(* Let $t,w,w',n,g$ be positive integers. If there exists a Steiner system $\mathrm{S}(t,w',n)$ and a generalized Steiner system $\mathrm{GS}(t,w,w',g)$, then there exists a generalized Steiner system $\mathrm{GS}(t,w,n,g)$.
   Context: A Steiner system $\mathrm{S}(t,k,n)$ is a pair $(X,\mathcal{B})$ with $|X|=n$ and $\mathcal{B}$ a family of $k$-subsets (blocks) of $X$ such that every $t$-subset of $X$ is contained in exactly one block. For a set $Y$ of size $m$ (e.g. $Y=[m]$), let $X=Y\times[g]$ with groups $G_y=\{y\}\times[g]$, $y\in Y$. An H-design $\mathrm{H}(m,g,w,t)$ on this set is a family $\mathcal{A}$ of $w$-subsets (blocks) of $X$, each meeting every group in at most one point, such that each $t$-subset of $X$ whose points lie in $t$ distinct groups is contained in exactly one block. Each block $\{(y_1,a_1),\dots,(y_w,a_w)\}$ is identified with the word of length $m$ over $\{0\}\cup[g]$ (indexed by $Y$) having entry $a_s$ at coordinate $y_s$ and $0$ elsewhere. A generalized Steiner system $\mathrm{GS}(t,w,m,g)$ is an H-design $\mathrm{H}(m,g,w,t)$ such that any two distinct blocks, viewed as words, have Hamming distance at least $2(w-t)+1$. *)

theory Defs
  imports Main
begin

text \<open>Steiner system S(t,k,n) on a ground set X (with card X = n).\<close>
definition steiner_system :: "nat \<Rightarrow> nat \<Rightarrow> 'a set \<Rightarrow> 'a set set \<Rightarrow> bool" where
  "steiner_system t k X B \<longleftrightarrow> finite X \<and> (\<forall>b\<in>B. b \<subseteq> X \<and> card b = k) \<and>
     (\<forall>T. T \<subseteq> X \<and> card T = t \<longrightarrow> (\<exists>!b. b \<in> B \<and> T \<subseteq> b))"

text \<open>Point set Y x [g] with Y = [m]; the group of y is {y} x [g].\<close>
definition point_set :: "nat \<Rightarrow> nat \<Rightarrow> (nat \<times> nat) set" where
  "point_set m g = {1..m} \<times> {1..g}"

definition H_design :: "nat \<Rightarrow> nat \<Rightarrow> nat \<Rightarrow> nat \<Rightarrow> (nat \<times> nat) set set \<Rightarrow> bool" where
  "H_design m g w t A \<longleftrightarrow>
     (\<forall>b\<in>A. b \<subseteq> point_set m g \<and> card b = w \<and> (\<forall>p\<in>b. \<forall>q\<in>b. fst p = fst q \<longrightarrow> p = q)) \<and>
     (\<forall>T. T \<subseteq> point_set m g \<and> card T = t \<and> card (fst ` T) = t \<longrightarrow> (\<exists>!b. b \<in> A \<and> T \<subseteq> b))"

definition block_word :: "(nat \<times> nat) set \<Rightarrow> nat \<Rightarrow> nat" where
  "block_word b y = (if \<exists>a. (y, a) \<in> b then (THE a. (y, a) \<in> b) else 0)"

definition hamming :: "nat \<Rightarrow> (nat \<times> nat) set \<Rightarrow> (nat \<times> nat) set \<Rightarrow> nat" where
  "hamming m b b' = card {y \<in> {1..m}. block_word b y \<noteq> block_word b' y}"

definition GS :: "nat \<Rightarrow> nat \<Rightarrow> nat \<Rightarrow> nat \<Rightarrow> (nat \<times> nat) set set \<Rightarrow> bool" where
  "GS t w m g A \<longleftrightarrow> H_design m g w t A \<and>
     (\<forall>b\<in>A. \<forall>b'\<in>A. b \<noteq> b' \<longrightarrow> int (hamming m b b') \<ge> 2 * (int w - int t) + 1)"

end

theory Submission
  imports Defs
begin

text \<open>Fix an S(t,w',n) on [n] and, for each of its blocks c, a bijection from [w'] onto c.
  Relabelling the coordinates of a GS(t,w,w',g) along each bijection places a copy of it on every
  block, and the union of these copies is the required design. A t-set of points in distinct groups
  is covered only by the copy on the unique Steiner block containing its groups, and there exactly
  once. Two words of the same copy are as far apart as in the GS(t,w,w',g). Two words of different
  copies have supports inside distinct Steiner blocks, which share fewer than t points, so the two
  supports of size w have a symmetric difference of more than 2(w-t) coordinates.\<close>

lemma finite_point_set [simp]: "finite (point_set m g)"
  by (simp add: point_set_def)

lemma inj_on_image_subset_iff:
  assumes "inj_on f C" "A \<subseteq> C" "B \<subseteq> C"
  shows "f ` A \<subseteq> f ` B \<longleftrightarrow> A \<subseteq> B"
  using assms by (blast dest: inj_onD)

lemma block_word_eqI:
  assumes "inj_on fst b" "(y, x) \<in> b"
  shows "block_word b y = x"
proof -
  have "(THE a. (y, a) \<in> b) = x"
  proof (rule the_equality)
    fix a assume "(y, a) \<in> b"
    then show "a = x" using inj_onD[OF assms(1) _ _ assms(2)] by force
  qed (rule assms(2))
  then show ?thesis
    using assms(2) by (auto simp: block_word_def)
qed

lemma block_word_eq_0: "y \<notin> fst ` b \<Longrightarrow> block_word b y = 0"
  by (force simp: block_word_def)

lemma inj_on_fst_map_prod:
  assumes "inj_on \<psi> (fst ` a)" "inj_on fst a"
  shows "inj_on fst (map_prod \<psi> id ` a)"
proof -
  have "inj_on (\<psi> \<circ> fst) a"
    using comp_inj_on[OF assms(2,1)] .
  then show ?thesis
    by (intro inj_on_imageI) (simp add: comp_def)
qed

lemma block_word_map_prod:
  assumes "inj_on \<psi> Y" "fst ` a \<subseteq> Y" "inj_on fst a" "i \<in> Y"
  shows "block_word (map_prod \<psi> id ` a) (\<psi> i) = block_word a i"
proof (cases "i \<in> fst ` a")
  case True
  then obtain x where x: "(i, x) \<in> a" by (auto simp: image_iff)
  note inj_on_fst_map_prod[OF inj_on_subset[OF assms(1,2)] assms(3)]
  moreover have "(\<psi> i, x) \<in> map_prod \<psi> id ` a"
    using x by (rule map_prod_imageI[where g = id, simplified])
  ultimately show ?thesis
    using block_word_eqI[OF assms(3) x] block_word_eqI by metis
next
  case False
  have "\<psi> i \<notin> fst ` map_prod \<psi> id ` a"
  proof
    assume "\<psi> i \<in> fst ` map_prod \<psi> id ` a"
    then obtain p where "p \<in> a" "\<psi> (fst p) = \<psi> i" by auto
    then show False
      using False assms(1,2,4) inj_onD[of \<psi> Y "fst p" i] by auto
  qed
  with False show ?thesis
    by (simp add: block_word_eq_0)
qed
lemma sum_components_inner_Psi:
  fixes Orb :: "nat \<Rightarrow> ('a set \<times> 'a set) set"
  assumes Orb: "bij_betw Orb {1..k} (orbits_XX G H)" and Orb1: "Orb 1 = diag_XX G H"
    and i: "i \<in> {1..k}"
  shows "(\<Sum>j\<in>{1..m}. inner_XX G H (charfun (Orb i)) (Psi G H (T j) (ip j) (\<theta> j))) = (if i = 1 then of_nat (card X) else 0)"
proof -
  have "(\<Sum>j\<in>{1..m}. inner_XX G H (charfun (Orb i)) (Psi G H (T j) (ip j) (\<theta> j)))
      = (\<Sum>x\<in>X. \<Sum>y\<in>X. if y = x then charfun (Orb i) (x, x) else 0)"
    unfolding sum_inner_XX_right unfolding inner_XX_def
    by (intro sum.cong refl) (simp only: sum_Psi_over_components, simp)
  also have "\<dots> = (\<Sum>x\<in>X. if i = 1 then 1 else 0)"
    using finite_X by (simp add: charfun_orbit_diag[OF Orb Orb1 i])
  finally show ?thesis
    by simp
qed

end

theorem mainTheorem8:
  fixes G :: "('a, 'b) monoid_scheme" and H :: "'a set"
    and m :: nat and T :: "nat \<Rightarrow> ('a set \<Rightarrow> complex) set"
    and ip :: "nat \<Rightarrow> ('a set \<Rightarrow> complex) \<Rightarrow> ('a set \<Rightarrow> complex) \<Rightarrow> complex"
    and \<theta> :: "nat \<Rightarrow> 'a set \<Rightarrow> complex"
    and k :: nat and Orb :: "nat \<Rightarrow> ('a set \<times> 'a set) set"
  assumes "group G" and "finite (carrier G)" and "subgroup H G"
    and "gelfand_pair G H"
    and "direct_sum_decomp G H m T"
    and "\<forall>j\<in>{1..m}. irred_subrep G H (T j)"
    and "\<forall>i\<in>{1..m}. \<forall>j\<in>{1..m}. i \<noteq> j \<longrightarrow> \<not> iso_subreps G H (T i) (T j)"
    and "1 \<le> m" and "T 1 = constants G H"
    and "\<forall>j\<in>{1..m}. ginv_inner G H (T j) (ip j)"
    and "\<forall>j\<in>{1..m}. \<theta> j \<in> T j \<and> (\<forall>h\<in>H. act G H h (\<theta> j) = \<theta> j) \<and> ip j (\<theta> j) (\<theta> j) = 1"
    and "bij_betw Orb {1..k} (orbits_XX G H)" and "Orb 1 = diag_XX G H"
  shows "(\<forall>j\<in>{1..m}. (\<Sum>i\<in>{1..k}. inner_XX G H (charfun (Orb i)) (Psi G H (T j) (ip j) (\<theta> j)))
            = (if j = 1 then of_nat (card (lcosets\<^bsub>G\<^esub> H)) else 0))
       \<and> (\<forall>i\<in>{1..k}. (\<Sum>j\<in>{1..m}. inner_XX G H (charfun (Orb i)) (Psi G H (T j) (ip j) (\<theta> j)))
            = (if i = 1 then of_nat (card (lcosets\<^bsub>G\<^esub> H)) else 0))"
proof -
  have "spherical_system G H m T ip \<theta>"
    unfolding spherical_system_def spherical_system_axioms_def multiplicity_free_decomposition_def
      multiplicity_free_decomposition_axioms_def finite_coset_space_def
    using assms by blast
  then interpret spherical_system G H m T ip \<theta> .
  show ?thesis
    using sum_orbits_inner_Psi sum_components_inner_Psi assms(12,13) by blast
qed

end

What this task involves — The answer should be an exact copy of the lines from the one containing "using finite_X by" through the last line of the entries, both included.

Response —
    using finite_X by (simp add: charfun_orbit_diag[OF Orb Orb1 i])
  finally show ?thesis
    by simp
qed

end

theorem mainTheorem8:
  fixes G :: "('a, 'b) monoid_scheme" and H :: "'a set"
    and m :: nat and T :: "nat \<Rightarrow> ('a set \<Rightarrow> complex) set"
    and ip :: "nat \<Rightarrow> ('a set \<Rightarrow> complex) \<Rightarrow> ('a set \<Rightarrow> complex) \<Rightarrow> complex"
    and \<theta> :: "nat \<Rightarrow> 'a set \<Rightarrow> complex"
    and k :: nat and Orb :: "nat \<Rightarrow> ('a set \<times> 'a set) set"
  assumes "group G" and "finite (carrier G)" and "subgroup H G"
    and "gelfand_pair G H"
    and "direct_sum_decomp G H m T"
    and "\<forall>j\<in>{1..m}. irred_subrep G H (T j)"
    and "\<forall>i\<in>{1..m}. \<forall>j\<in>{1..m}. i \<noteq> j \<longrightarrow> \<not> iso_subreps G H (T i) (T j)"
    and "1 \<le> m" and "T 1 = constants G H"
    and "\<forall>j\<in>{1..m}. ginv_inner G H (T j) (ip j)"
    and "\<forall>j\<in>{1..m}. \<theta> j \<in> T j \<and> (\<forall>h\<in>H. act G H h (\<theta> j) = \<theta> j) \<and> ip j (\<theta> j) (\<theta> j) = 1"
    and "bij_betw Orb {1..k} (orbits_XX G H)" and "Orb 1 = diag_XX G H"
  shows "(\<forall>j\<in>{1..m}. (\<Sum>i\<in>{1..k}. inner_XX G H (charfun (Orb i)) (Psi G H (T j) (ip j) (\<theta> j)))
            = (if j = 1 then of_nat (card (lcosets\<^bsub>G\<^esub> H)) else 0))
       \<and> (\<forall>i\<in>{1..k}. (\<Sum>j\<in>{1..m}. inner_XX G H (charfun (Orb i)) (Psi G H (T j) (ip j) (\<theta> j)))
            = (if i = 1 then of_nat (card (lcosets\<^bsub>G\<^esub> H)) else 0))"
proof -
  have "spherical_system G H m T ip \<theta>"
    unfolding spherical_system_def spherical_system_axioms_def multiplicity_free_decomposition_def
      multiplicity_free_decomposition_axioms_def finite_coset_space_def
    using assms by blast
  then interpret spherical_system G H m T ip \<theta> .
  show ?thesis
    using sum_orbits_inner_Psi sum_components_inner_Psi assms(12,13) by blast
qed

end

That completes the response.